M and the boys are asleep, and I’m hoping I can sleep soon, but I’m not especially hopeful. This weekend looks large and dangerous. Tomorrow’s high temperature is only twenty-eight, a scenario more conducive to Christmas vacation than spring break. We talked about driving down to Chicago, but we did the waterpark last week, and the kids and I barely survived, so we should probably take this weekend a bit easier. However, if we only hang around the house, the kids will either play video games for seventeen hours in a row or inflict bodily harm on each other approximately every twenty minutes. We can’t win. Maybe we can take them to a film or whatever, but I’ll feel guilty about dropping all the cash. Hm. I suppose there are worse scenarios, of course, but I hate when weekends are a drag.
Hope emerged today. I skipped basketball and hit the coffee shop by 8:15AM or so. I revised chapters one and three of the dissertation. Both look like they’re in decent shape, and I’ll hand them back to my advisor at a Tuesday meeting. Chapter two is a bit trickier. I have to read through her notes again if I want to make progress this weekend. I’m torn on how to spend my time the next three days. On one hand, if I haul ass on the writing I could probably hand in a draft of chapter two as well on Tuesday. On the other hand M and the kids leave for Florida Wednesday, so I’ll have Thursday to work through chapter two’s revisions. I don’t know. I don’t think I want to work on the paper at home, though. The kids become too confused by my working at the dining room table when they want to hang out. If I can sneak out for an hour or two, I’ll think about it. Maybe not. Monday already looks like a motherfucker. I need to grade papers in the morning, hit the office in the afternoon, and teach all night. Tuesday is only a little better. Wednesday morning M and the kids leave. I’m resenting the dissertation today, although I’m happy with my progress. I guess I just don’t see how the dissertation has made me a smarter or wiser person. I would have been better served by reading on my own. You know how it is.

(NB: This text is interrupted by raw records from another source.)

lemma phik'_has_vector_derivative: "(phik' k has_vector_derivative phik'' k u) (at u)"
proof -
  have "set_integrable lborel {0<..} (\<lambda>x. \<i> * complex_of_real x * complex_of_real (k x))"
    using set_integrable_mult_right[OF set_integrable_of_real[OF set_integrable_power_k[of 1]], of \<i>]
    by (simp add: mult.assoc)
  moreover have "set_integrable lborel {0<..}
      (\<lambda>x. complex_of_real x * (\<i> * complex_of_real x * complex_of_real (k x)))"
    using set_integrable_mult_right[OF set_integrable_of_real[OF set_integrable_power_k[of 2]], of \<i>]
    by (simp add: power2_eq_square ac_simps)
  moreover have "phik' k = (\<lambda>u. LINT x:{0<..}|lborel.
      iexp (u * x) * (\<i> * complex_of_real x * complex_of_real (k x)))"
    unfolding phik'_def by (intro ext set_lebesgue_integral_cong) (auto simp: ac_simps)
  ultimately show ?thesis
    using has_vector_derivative_set_integral_iexp[of "{0<..}"
        "\<lambda>x. \<i> * complex_of_real x * complex_of_real (k x)" u] borel_measurable_k
    unfolding phik''_def by simp
qed

lemma vector_derivative_phik: "vector_derivative (phik k) (at u) = phik' k u"
  by (rule vector_derivative_at[OF phik_has_vector_derivative])

lemma vector_derivative_vector_derivative_phik:
  "vector_derivative (\<lambda>v. vector_derivative (phik k) (at v)) (at u) = phik'' k u"
  unfolding vector_derivative_phik by (rule vector_derivative_at[OF phik'_has_vector_derivative])

end

locale tail_Fourier_bounds = tail_moments +
  fixes c :: real
  assumes norm_phik_le: "\<And>u. cmod (phik k u) \<le> c / (1 + \<bar>u\<bar>)"
    and norm_phik'_le: "\<And>u. cmod (phik' k u) \<le> c / (1 + \<bar>u\<bar>)\<^sup>2"
    and norm_phik''_le: "\<And>u. cmod (phik'' k u) \<le> c / (1 + \<bar>u\<bar>)\<^sup>2"
begin

lemma c_nonneg: "0 \<le> c"
proof -
  have "cmod (phik k 0) \<le> c"
    using norm_phik_le[of 0] by simp
  then show ?thesis
    by (rule order_trans[OF norm_ge_zero])
qed

lemma Re_char_exponent_has_real_derivative:
  "((\<lambda>x. Re (char_exponent k x)) has_real_derivative Re (\<i> * phik k t)) (at t)"
  using char_exponent_has_vector_derivative[of t] unfolding has_vector_derivative_complex_iff by simp

lemma abs_Re_i_phik_le: "\<bar>Re (\<i> * phik k t)\<bar> \<le> c / (1 + \<bar>t\<bar>)"
  using abs_Re_le_cmod[of "\<i> * phik k t"] norm_phik_le[of t] by (simp add: norm_mult)

lemma Re_char_exponent_lipschitz:
  "\<bar>Re (char_exponent k y) - Re (char_exponent k x)\<bar> \<le> c * \<bar>y - x\<bar>"
proof -
  have "\<bar>Re (\<i> * phik k t)\<bar> \<le> c" for t
  proof -
    have "c / (1 + \<bar>t\<bar>) \<le> c / 1"
      using c_nonneg by (intro divide_left_mono) auto
    then show ?thesis
      using abs_Re_i_phik_le[of t] by simp
  qed
  then show ?thesis
    using field_differentiable_bound[of UNIV "\<lambda>x. Re (char_exponent k x)" "\<lambda>t. Re (\<i> * phik k t)" c y x]
      Re_char_exponent_has_real_derivative by simp
qed

lemma abs_Re_char_exponent_le: "\<bar>Re (char_exponent k v)\<bar> \<le> c * \<bar>v\<bar>"
  using Re_char_exponent_lipschitz[of v 0] by simp

text \<open>On the logarithmic scale the Lipschitz constant stays \<open>c\<close>, since \<open>\<bar>\<phi>\<^sub>k(u)\<bar> \<le> c / (1 + u)\<close>.\<close>

lemma Re_char_exponent_log_lipschitz:
  assumes "0 < x" "0 < y"
  shows "\<bar>Re (char_exponent k y) - Re (char_exponent k x)\<bar> \<le> c * \<bar>ln y - ln x\<bar>"
proof -
  have "((\<lambda>s. Re (char_exponent k (exp s))) has_real_derivative Re (\<i> * phik k (exp s)) * exp s) (at s)" for s
    by (rule DERIV_chain2[OF Re_char_exponent_has_real_derivative DERIV_exp])
  moreover have "norm (Re (\<i> * phik k (exp s)) * exp s) \<le> c" for s
  proof -
    have "\<bar>Re (\<i> * phik k (exp s))\<bar> * exp s \<le> c / (1 + exp s) * exp s"
      using abs_Re_i_phik_le[of "exp s"] by (intro mult_right_mono) simp_all
    also have "\<dots> = c * (exp s / (1 + exp s))"
      by simp
    also have "\<dots> \<le> c"
      using c_nonneg by (intro mult_left_le) (simp_all add: add_pos_pos)
    finally show ?thesis by (simp add: abs_mult)
  qed
  ultimately show ?thesis
    using field_differentiable_bound[of UNIV "\<lambda>s. Re (char_exponent k (exp s))"
        "\<lambda>s. Re (\<i> * phik k (exp s)) * exp s" c "ln y" "ln x"] assms by simp
qed

end

section \<open>Regular variation of \<open>\<bar>\<phi>\<bar>\<close>\<close>

locale regularly_varying_phi = tail_Fourier_bounds +
  fixes \<alpha> :: real and L :: "real \<Rightarrow> real" and B :: real
  assumes alpha_gt_2: "2 < \<alpha>"
    and L_nonneg: "\<And>t. 1 < t \<Longrightarrow> 0 \<le> L t"
    and slowly_varying_L: "slowly_varying L"
    and B_pos: "0 < B"
    and phi_asymptotics: "((\<lambda>t. \<bar>t\<bar> powr \<alpha> * cmod (phi k t) / L \<bar>t\<bar>) \<longlongrightarrow> B) at_infinity"
begin

text \<open>\<open>ell v = ln (v powr \<alpha> * \<bar>\<phi>(v)\<bar>)\<close> for \<open>v > 0\<close>; the asymptotics of \<open>\<phi>\<close> make it the logarithm
  of a slowly varying function, up to a convergent factor.\<close>

definition ell :: "real \<Rightarrow> real" where
  "ell v = \<alpha> * ln v + Re (char_exponent k v)"

lemma ell_log_lipschitz:
  assumes "0 < u" "0 < v"
  shows "\<bar>ell v - ell u\<bar> \<le> (\<alpha> + c) * \<bar>ln v - ln u\<bar>"
proof -
  have "\<bar>ell v - ell u\<bar> \<le> \<bar>\<alpha> * (ln v - ln u)\<bar> + \<bar>Re (char_exponent k v) - Re (char_exponent k u)\<bar>"
    unfolding ell_def by (simp add: algebra_simps)
  also have "\<dots> \<le> \<alpha> * \<bar>ln v - ln u\<bar> + c * \<bar>ln v - ln u\<bar>"
    using Re_char_exponent_log_lipschitz[OF assms] alpha_gt_2 by (simp add: abs_mult)
  finally show ?thesis
    by (simp add: algebra_simps)
qed

definition phi_over_L :: "real \<Rightarrow> real" where
  "phi_over_L v = \<bar>v\<bar> powr \<alpha> * cmod (phi k v) / L \<bar>v\<bar>"

lemma filterlim_times_exp1: "filterlim (\<lambda>v::real. exp 1 * v) at_top at_top"
  by (rule filterlim_tendsto_pos_mult_at_top[OF tendsto_const exp_gt_zero filterlim_ident])

lemma tendsto_phi_over_L: "(phi_over_L \<longlongrightarrow> B) at_top"
  using tendsto_mono[OF at_top_le_at_infinity phi_asymptotics] unfolding phi_over_L_def[abs_def] .

lemma eventually_L_pos_le:
  "\<forall>\<^sub>F v in at_top. 0 < L v \<and> L v \<le> (2 / B) * (v powr \<alpha> * cmod (phi k v))"
proof -
  have "B / 2 < B"
    using B_pos by simp
  from eventually_conj[OF order_tendstoD(1)[OF tendsto_phi_over_L this] eventually_gt_at_top[of 1]]
  show ?thesis
  proof (rule eventually_mono)
    fix v assume v: "B / 2 < phi_over_L v \<and> 1 < v"
    then have "L v \<noteq> 0"
      using B_pos by (auto simp: phi_over_L_def)
    then have L_pos: "0 < L v"
      using L_nonneg[of v] v by simp
    have v_abs: "\<bar>v\<bar> = v"
      using v by simp
    have "B / 2 < v powr \<alpha> * cmod (phi k v) / L v"
      using v[unfolded phi_over_L_def v_abs] by simp
    then have "B / 2 * L v < v powr \<alpha> * cmod (phi k v)"
      using L_pos by (simp add: less_divide_eq)
    then show "0 < L v \<and> L v \<le> (2 / B) * (v powr \<alpha> * cmod (phi k v))"
      using L_pos B_pos by (simp add: field_simps)
  qed
qed

text \<open>\<open>ell (e v) - ell v\<close> is the logarithm of \<open>phi_over_L (e v) / phi_over_L v\<close> times
  \<open>L (e v) / L v\<close>; both ratios tend to 1.\<close>

lemma ell_increment_tendsto_0: "((\<lambda>v. ell (exp 1 * v) - ell v) \<longlongrightarrow> 0) at_top"
proof -
  have "((\<lambda>v. phi_over_L (exp 1 * v)) \<longlongrightarrow> B) at_top"
    using filterlim_compose[OF tendsto_phi_over_L filterlim_times_exp1] by (simp add: o_def)
  moreover have "((\<lambda>x. L (exp 1 * x) / L x) \<longlongrightarrow> 1) at_top"
    using slowly_varying_L unfolding slowly_varying_def by simp
  ultimately have "((\<lambda>v. ln (phi_over_L (exp 1 * v) / phi_over_L v * (L (exp 1 * v) / L v)))
      \<longlongrightarrow> ln (B / B * 1)) at_top"
    using B_pos by (intro tendsto_intros tendsto_phi_over_L) auto
  moreover have "\<forall>\<^sub>F v in at_top.
      ln (phi_over_L (exp 1 * v) / phi_over_L v * (L (exp 1 * v) / L v)) = ell (exp 1 * v) - ell v"
  proof -
    have "\<forall>\<^sub>F v in at_top. 0 < L (exp 1 * v)"
      using filterlim_iff[THEN iffD1, OF filterlim_times_exp1, rule_format, OF eventually_L_pos_le]
      by (auto elim: eventually_mono)
    moreover have "\<forall>\<^sub>F v in at_top. 0 < L v"
      using eventually_L_pos_le by (auto elim: eventually_mono)
    moreover have "\<forall>\<^sub>F v in at_top. (0::real) < v"
      by (rule eventually_gt_at_top)
    ultimately show ?thesis
    proof eventually_elim
      case (elim v)
      then have "phi_over_L (exp 1 * v) / phi_over_L v * (L (exp 1 * v) / L v)
          = ((exp 1 * v) powr \<alpha> * cmod (phi k (exp 1 * v))) / (v powr \<alpha> * cmod (phi k v))"
        unfolding phi_over_L_def by (simp add: field_simps)
      also have "\<dots> = exp (ell (exp 1 * v) - ell v)"
        unfolding ell_def norm_phi using elim
        by (simp add: powr_def exp_add exp_diff mult.commute)
      finally show ?case
        by simp
    qed
  qed
  ultimately show ?thesis
    using B_pos by (simp add: tendsto_cong)
qed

Ten Bullet Post…here we go…
* I feel fat about seventeen hours of every day lately. I need to eat better. My stomach churns a lot. Stupid diet coke.
* I haven’t meditated regularly, either. Tomorrow! I swear! I need it.
* A few minutes ago I finished a re-reading of Klosterman’s “Killing Yourself to Live”. I liked the book better the second time around. I’m skipping around through Ha Jin and Murikami’s short stories. I’m tempted to pick up another of the Murikami novels.
* finished watching the documentary on eastern philosophy. I’m glad I watched the film, but I’m still not sure I could explain Shinto or Confucianism very well.
* Last Monday I stopped at a Barnes on Noble, on my wake to teach, and read the first twenty pages of Nietzsche’s “Thus Spake Zarathustra”. I hadn’t picked up Nietzsche since I was a college student, and everyone knows a college student reading Nietzsche is wasting his time and trying to look cool. On Monday, though, I found the book fascinating. I’d rather read Nietzsche then work on my dissertation.
* Maybe tomorrow I’ll clean something or cook something new. I always feel better when I do one or the other.
* M received an email from a fairly large national magazine expressing some interest in publishing one or more of her scavenger hunts. Wow…good for her.
* Today I bought new headphones for my mp3 player. They felt like a decadent extravagance, but they’re way more comfortable than the tiny ear-headphones, and I’m thinking Italy when I make a purchase of this nature.
* Speaking of Italy, my birth certificate finally arrived. Forty bucks! I can’t believe I paid that much to prove I’m alive. Again, I’m trying to frame this as a very small fee I can pay to facilitate an otherwise free trip to Italy. Thank God we’re not totally broke.
* M is snoring as we speak. I hope I can get some sleep tonight. Melatonin, anyone?